Why Your Favorite AI Model Might Just Be the One You Use Most Often
Your preference for a particular AI model probably says more about your situation than about the model itself. A new analysis of how developers and organizations choose between large language models (LLMs) reveals that decisions are driven far less by rigorous testing and far more by accident, employer approval, influencer recommendations, and how long someone has been using a tool. The result is a landscape where marketing budgets and access programs shape collective understanding more than actual capability comparisons .
How Are Organizations Actually Choosing Their AI Models?
In most corporate environments, the process of selecting an AI model happens almost by accident. Someone on the team tries Claude Code one weekend, gets excited, and suddenly the entire organization is using it. Nobody evaluated alternatives. Nobody ran a formal comparison. The decision was made by whoever had a company card and free time .
This matters because when that same person recommends their favorite model to others, they are really telling you which model they have gotten the most practice with. There is a genuine learning function at play: you get faster with the tool, your prompts improve, and the model starts to feel intuitive. But that is not the same as the model being objectively superior .
What Factors Actually Influence Model Selection?
- Access and Familiarity: Developers tend to prefer models they have spent the most time using, regardless of whether alternatives might perform better for their specific tasks.
- Employer Procurement Decisions: Corporate environments often lock teams into a single model based on initial adoption, without evaluating competing options.
- Marketing and Influencer Bias: Model providers spend significant budgets on early access programs, credits, and curated demo environments that create positive bias among people with large audiences.

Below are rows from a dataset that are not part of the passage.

(* Let $M>0$ and $0\le a<M$, and set $r_+=M+\sqrt{M^2-a^2}$, $\Delta(r)=r^2-2Mr+a^2$. Let $E,L_z,Q\in\mathbb{R}$ with $Q<0$ be such that there exists $\theta\in(0,\pi)$ with $\Theta(\theta,E,L_z,Q)\ge 0$, where $$\Theta(\theta,E,L_z,Q)=Q-\Big(\frac{L_z^2}{\sin^2\theta}-E^2a^2\Big)\cos^2\theta .$$ Let $K=Q+(aE-L_z)^2$ and $$R(r)=\big((r^2+a^2)E-aL_z\big)^2-\Delta(r)K = E^2r^4+(a^2E^2-Q-L_z^2)r^2+2MKr-a^2Q.$$ Then $R(r)>0$ for all $r\in(r_+,\infty)$.
   Context: This concerns null geodesics in the exterior region $r>r_+$ of a sub-extremal Kerr spacetime of mass $M$ and rotation parameter $a$, written in Boyer–Lindquist coordinates $(t,r,\theta,\phi)$. For a null geodesic with affine parameter, $E=-g(\partial_t,\dot\gamma)$ is the energy, $L_z=g(\partial_\phi,\dot\gamma)$ the axial angular momentum, $K$ Carter's constant and $Q=K-(aE-L_z)^2$; with $\Sigma=r^2+a^2\cos^2\theta$ these satisfy $\Sigma^2\dot r^2=R(r)$ and $\Sigma^2\dot\theta^2=\Theta(\theta,E,L_z,Q)$, so a null geodesic with these constants can only pass through points where $\Theta\ge 0$. *)

theory Defs
  imports Complex_Main
begin

definition r_plus :: "real \<Rightarrow> real \<Rightarrow> real" where
  "r_plus M a = M + sqrt (M\<^sup>2 - a\<^sup>2)"

definition Delta :: "real \<Rightarrow> real \<Rightarrow> real \<Rightarrow> real" where
  "Delta M a r = r\<^sup>2 - 2 * M * r + a\<^sup>2"

definition Theta :: "real \<Rightarrow> real \<Rightarrow> real \<Rightarrow> real \<Rightarrow> real \<Rightarrow> real" where
  "Theta a \<theta> E Lz Q = Q - (Lz\<^sup>2 / (sin \<theta>)\<^sup>2 - E\<^sup>2 * a\<^sup>2) * (cos \<theta>)\<^sup>2"

definition Carter_K :: "real \<Rightarrow> real \<Rightarrow> real \<Rightarrow> real \<Rightarrow> real" where
  "Carter_K a E Lz Q = Q + (a * E - Lz)\<^sup>2"

definition Rpot :: "real \<Rightarrow> real \<Rightarrow> real \<Rightarrow> real \<Rightarrow> real \<Rightarrow> real \<Rightarrow> real" where
  "Rpot M a E Lz Q r = ((r\<^sup>2 + a\<^sup>2) * E - a * Lz)\<^sup>2 - Delta M a r * Carter_K a E Lz Q"

end

theory Submission
  imports Defs
begin

text \<open>Since \<open>Q < 0\<close>, the condition \<open>\<Theta> \<ge> 0\<close> forces the coefficient of \<open>cos\<^sup>2 \<theta>\<close> to be
  negative, i.e. \<open>L\<^sub>z\<^sup>2 < E\<^sup>2 a\<^sup>2 sin\<^sup>2 \<theta> \<le> E\<^sup>2 a\<^sup>2\<close>. Writing
  \<open>R(r) = E\<^sup>2 r\<^sup>4 + (a\<^sup>2 E\<^sup>2 - L\<^sub>z\<^sup>2) r\<^sup>2 - Q \<Delta>(r) + 2 M r (a E - L\<^sub>z)\<^sup>2\<close>, every term is then
  nonnegative for \<open>r > r\<^sub>+\<close>, and \<open>-Q \<Delta>(r)\<close> is strictly positive because \<open>\<Delta> > 0\<close> outside
  the horizon.\<close>

lemma Delta_pos_beyond_r_plus:
  assumes "\<bar>a\<bar> \<le> M" and "r > r_plus M a"
  shows "Delta M a r > 0"
proof -
  have "M\<^sup>2 - a\<^sup>2 \<ge> 0"
    using assms(1) abs_le_square_iff[of a M] by simp
  then have root: "sqrt (M\<^sup>2 - a\<^sup>2) \<ge> 0" "(sqrt (M\<^sup>2 - a\<^sup>2))\<^sup>2 = M\<^sup>2 - a\<^sup>2"
    by auto
  have "r - M > sqrt (M\<^sup>2 - a\<^sup>2)"
    using assms(2) unfolding r_plus_def by simp
  then have "(r - M)\<^sup>2 > M\<^sup>2 - a\<^sup>2"
    using root by (metis power_strict_mono zero_less_numeral)
  then show ?thesis
    unfolding Delta_def by (simp add: power2_eq_square algebra_simps)
qed

lemma r_plus_ge:
  assumes "\<bar>a\<bar> \<le> M"
  shows "M \<le> r_plus M a"
  using assms abs_le_square_iff[of a M] unfolding r_plus_def by simp

lemma Theta_nonneg_imp_Lz_sq_less:
  assumes "Q < 0" and "0 < \<theta>" and "\<theta> < pi" and "Theta a \<theta> E Lz Q \<ge> 0"
  shows "Lz\<^sup>2 < (a * E)\<^sup>2"
proof -
  define s where "s = (sin \<theta>)\<^sup>2"
  have s_pos: "s > 0"
    using sin_gt_zero[OF assms(2,3)] unfolding s_def by simp
  have s_le_1: "s \<le> 1"
    unfolding s_def by (simp add: abs_square_le_1)
  have "(Lz\<^sup>2 / s - E\<^sup>2 * a\<^sup>2) * (cos \<theta>)\<^sup>2 < 0"
    using assms(1,4) unfolding Theta_def s_def by simp
  then have "Lz\<^sup>2 / s < E\<^sup>2 * a\<^sup>2"
    by (simp add: mult_less_0_iff)
  then have "Lz\<^sup>2 < E\<^sup>2 * a\<^sup>2 * s"
    using s_pos by (simp add: divide_less_eq)
  also have "\<dots> \<le> E\<^sup>2 * a\<^sup>2"
    using s_le_1 by (simp add: mult_left_le)
  finally show ?thesis
    by (simp add: power_mult_distrib mult.commute)
qed

lemma Rpot_eq_sum_of_terms:
  "Rpot M a E Lz Q r =
     E\<^sup>2 * r ^ 4 + ((a * E)\<^sup>2 - Lz\<^sup>2) * r\<^sup>2 - Q * Delta M a r + 2 * M * r * (a * E - Lz)\<^sup>2"
  unfolding Rpot_def Delta_def Carter_K_def
  by (simp add: power2_eq_square power4_eq_xxxx algebra_simps)

theorem lemma1:
  fixes M a E Lz Q :: real
  assumes "M > 0" and "0 \<le> a" and "a < M"
    and "Q < 0"
    and "\<exists>\<theta>. 0 < \<theta> \<and> \<theta> < pi \<and> Theta a \<theta> E Lz Q \<ge> 0"
  shows "\<forall>r. r > r_plus M a \<longrightarrow> Rpot M a E Lz Q r > 0"
proof (intro allI impI)
  fix r assume r: "r > r_plus M a"
  obtain \<theta> where "0 < \<theta>" "\<theta> < pi" "Theta a \<theta> E Lz Q \<ge> 0"
    using assms(5) by blast
  then have "((a * E)\<^sup>2 - Lz\<^sup>2) * r\<^sup>2 \<ge> 0"
    using Theta_nonneg_imp_Lz_sq_less[OF assms(4)] by (simp add: less_imp_le)
  moreover have "- Q * Delta M a r > 0"
    using Delta_pos_beyond_r_plus[OF _ r] assms(2-4) by (simp add: mult_neg_pos)
  moreover have "2 * M * r * (a * E - Lz)\<^sup>2 \<ge> 0"
    using r r_plus_ge[of a M] assms(1-3) by simp
  moreover have "E\<^sup>2 * r ^ 4 \<ge> 0"
    by simp
  ultimately show "Rpot M a E Lz Q r > 0"
    unfolding Rpot_eq_sum_of_terms by linarith
qed

end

- Cost Considerations: Developers paying for their own tokens tend to have more calibrated opinions about model selection, while those using corporate accounts may default to more expensive, powerful models unnecessarily.
- Geopolitical Concerns: Some developers deliberately avoid certain models based on their country of origin, while others use them because they are cheaper and capable, creating a real but largely hidden conversation about trade-offs.
The distinction between what people say they prefer and what actually works best is significant. When someone tells you they love Claude Opus, they might be reflecting genuine superiority, or they might be reflecting that their employer pays for tokens and they have never seriously tested alternatives .
How Should You Actually Evaluate AI Models?
A practical approach to model evaluation requires sustained, hands-on testing rather than casual experimentation. One developer who forced themselves to test outside their comfort zone spent a full week using Codex seriously and found it nearly indistinguishable from Claude Sonnet 4.6 for most coding tasks, while running at roughly half the cost when factoring in token efficiency. That developer set a minimum threshold of one week of sustained use before forming a firm opinion, noting that anything less is just rating a first impression .
The same principle applies to Anthropic's model lineup. Many users default to Haiku for well-scoped, mechanical tasks, use Sonnet for almost everything else, and reserve Opus for genuine breadth like architecture questions or strategic framing. However, developers in corporate environments often leave the dial on Opus permanently because they are not paying for tokens themselves. High-powered models can actually work against you on simple tasks; they overthink, add unnecessary abstractions, and restructure things that did not need restructuring. When you have a clearly templated class to write, Haiku gets it right at a tenth of the cost without second-guessing the design .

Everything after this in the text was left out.